lemma card_quotients_one:
  assumes "D \<subseteq> carrier G"
  shows "card {(x, y). x \<in> D \<and> y \<in> D \<and> x \<otimes> inv y = \<one>} = card D"
proof -
  have "{(x, y). x \<in> D \<and> y \<in> D \<and> x \<otimes> inv y = \<one>} = (\<lambda>x. (x, x)) ` D"
    using assms by (auto simp: inv_solve_right' subset_iff)
  then show ?thesis
    by (simp add: card_image inj_on_def)
qed

context
  fixes D :: "'a set" and v k lam mu :: nat and e :: "nat \<Rightarrow> 'a"
  assumes pds: "is_regular_pds G D v k lam mu" and enum: "bij_betw e {..<v} (carrier G)"
begin

lemma enum_carrier: "i < v \<Longrightarrow> e i \<in> carrier G"
  using bij_betwE[OF enum] by blast

lemma cayley_mat_square:
  "cayley_mat G D e v * cayley_mat G D e v
    = (of_nat k \<cdot>\<^sub>m 1\<^sub>m v + of_nat lam \<cdot>\<^sub>m cayley_mat G D e v
       + of_nat mu \<cdot>\<^sub>m (ones_mat v - 1\<^sub>m v - cayley_mat G D e v) :: 'c::comm_ring_1 mat)"
    (is "?A * ?A = ?R")
proof (rule eq_matI)
  have D: "D \<subseteq> carrier G" and card_D: "card D = k" and D_inv: "\<And>x. x \<in> D \<Longrightarrow> inv x \<in> D"
    and one_D: "\<one> \<notin> D"
    and count: "\<And>g. g \<in> carrier G \<Longrightarrow> g \<noteq> \<one> \<Longrightarrow>
        card {(x, y). x \<in> D \<and> y \<in> D \<and> x \<otimes> inv y = g} = (if g \<in> D then lam else mu)"
    using pds unfolding is_regular_pds_def is_pds_def by auto
  fix i j assume "i < dim_row ?R" and "j < dim_col ?R"
  then have i: "i < v" and j: "j < v"
    by simp_all
  have "(?A * ?A) $$ (i, j) = (\<Sum>l<v. ?A $$ (i, l) * ?A $$ (l, j))"
    using i j by (intro index_mult_mat_sum) simp_all
  also have "\<dots> = (\<Sum>l<v. if e i \<otimes> inv (e l) \<in> D \<and> e l \<otimes> inv (e j) \<in> D then 1 else 0)"
    using i j by (intro sum.cong) (simp_all add: cayley_mat_def)
  also have "\<dots> = of_nat (card {z \<in> carrier G. e i \<otimes> inv z \<in> D \<and> z \<otimes> inv (e j) \<in> D})"
    by (rule sum_indicator_bij_betw[OF enum])
  also have "\<dots> = of_nat (card {(x, y). x \<in> D \<and> y \<in> D \<and> x \<otimes> inv y = e i \<otimes> inv (e j)})"
    using card_common_neighbours[OF D D_inv enum_carrier[OF i] enum_carrier[OF j]] by simp
  also have "\<dots> = ?R $$ (i, j)"
  proof (cases "i = j")
    case True
    then show ?thesis
      using i enum_carrier[OF i] card_quotients_one[OF D] card_D one_D by (simp add: cayley_mat_def)
  next
    case False
    then have "e i \<noteq> e j"
      using i j bij_betw_imp_inj_on[OF enum] by (auto dest: inj_onD)
    then have "e i \<otimes> inv (e j) \<noteq> \<one>"
      using enum_carrier[OF i] enum_carrier[OF j] by (simp add: inv_solve_right')
    then show ?thesis
      using False i j count[of "e i \<otimes> inv (e j)"] enum_carrier[OF i] enum_carrier[OF j]
      by (simp add: cayley_mat_def)
  qed
  finally show "(?A * ?A) $$ (i, j) = ?R $$ (i, j)" .
qed simp_all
****************
> WORK TASK: Without leaving anything out, quote all the data.

> EXPECTED OUTPUT:
lemma card_quotients_one:
  assumes "D \<subseteq> carrier G"
  shows "card {(x, y). x \<in> D \<and> y \<in> D \<and> x \<otimes> inv y = \<one>} = card D"
proof -
  have "{(x, y). x \<in> D \<and> y \<in> D \<and> x \<otimes> inv y = \<one>} = (\<lambda>x. (x, x)) ` D"
    using assms by (auto simp: inv_solve_right' subset_iff)
  then show ?thesis
    by (simp add: card_image inj_on_def)
qed

context
  fixes D :: "'a set" and v k lam mu :: nat and e :: "nat \<Rightarrow> 'a"
  assumes pds: "is_regular_pds G D v k lam mu" and enum: "bij_betw e {..<v} (carrier G)"
begin

lemma enum_carrier: "i < v \<Longrightarrow> e i \<in> carrier G"
  using bij_betwE[OF enum] by blast

lemma cayley_mat_square:
  "cayley_mat G D e v * cayley_mat G D e v
    = (of_nat k \<cdot>\<^sub>m 1\<^sub>m v + of_nat lam \<cdot>\<^sub>m cayley_mat G D e v
       + of_nat mu \<cdot>\<^sub>m (ones_mat v - 1\<^sub>m v - cayley_mat G D e v) :: 'c::comm_ring_1 mat)"
    (is "?A * ?A = ?R")
proof (rule eq_matI)
  have D: "D \<subseteq> carrier G" and card_D: "card D = k" and D_inv: "\<And>x. x \<in> D \<Longrightarrow> inv x \<in> D"
    and one_D: "\<one> \<notin> D"
    and count: "\<And>g. g \<in> carrier G \<Longrightarrow> g \<noteq> \<one> \<Longrightarrow>
        card {(x, y). x \<in> D \<and> y \<in> D \<and> x \<otimes> inv y = g} = (if g \<in> D then lam else mu)"
    using pds unfolding is_regular_pds_def is_pds_def by auto
  fix i j assume "i < dim_row ?R" and "j < dim_col ?R"
  then have i: "i < v" and j: "j < v"
    by simp_all
  have "(?A * ?A) $$ (i, j) = (\<Sum>l<v. ?A $$ (i, l) * ?A $$ (l, j))"
    using i j by (intro index_mult_mat_sum) simp_all
  also have "\<dots> = (\<Sum>l<v. if e i \<otimes> inv (e l) \<in> D \<and> e l \<otimes> inv (e j) \<in> D then 1 else 0)"
    using i j by (intro sum.cong) (simp_all add: cayley_mat_def)
  also have "\<dots> = of_nat (card {z \<in> carrier G. e i \<otimes> inv z \<in> D \<and> z \<otimes> inv (e j) \<in> D})"
    by (rule sum_indicator_bij_betw[OF enum])
  also have "\<dots> = of_nat (card {(x, y). x \<in> D \<and> y \<in> D \<and> x \<otimes> inv y = e i \<otimes> inv (e j)})"
    using card_common_neighbours[OF D D_inv enum_carrier[OF i] enum_carrier[OF j]] by simp
  also have "\<dots> = ?R $$ (i, j)"
  proof (cases "i = j")
    case True
    then show ?thesis
      using i enum_carrier[OF i] card_quotients_one[OF D] card_D one_D by (simp add: cayley_mat_def)
  next
    case False
    then have "e i \<noteq> e j"
      using i j bij_betw_imp_inj_on[OF enum] by (auto dest: inj_onD)
    then have "e i \<otimes> inv (e j) \<noteq> \<one>"
      using enum_carrier[OF i] enum_carrier[OF j] by (simp add: inv_solve_right')
    then show ?thesis
      using False i j count[of "e i \<otimes> inv (e j)"] enum_carrier[OF i] enum_carrier[OF j]
      by (simp add: cayley_mat_def)
  qed
  finally show "(?A * ?A) $$ (i, j) = ?R $$ (i, j)" .
qed simp_all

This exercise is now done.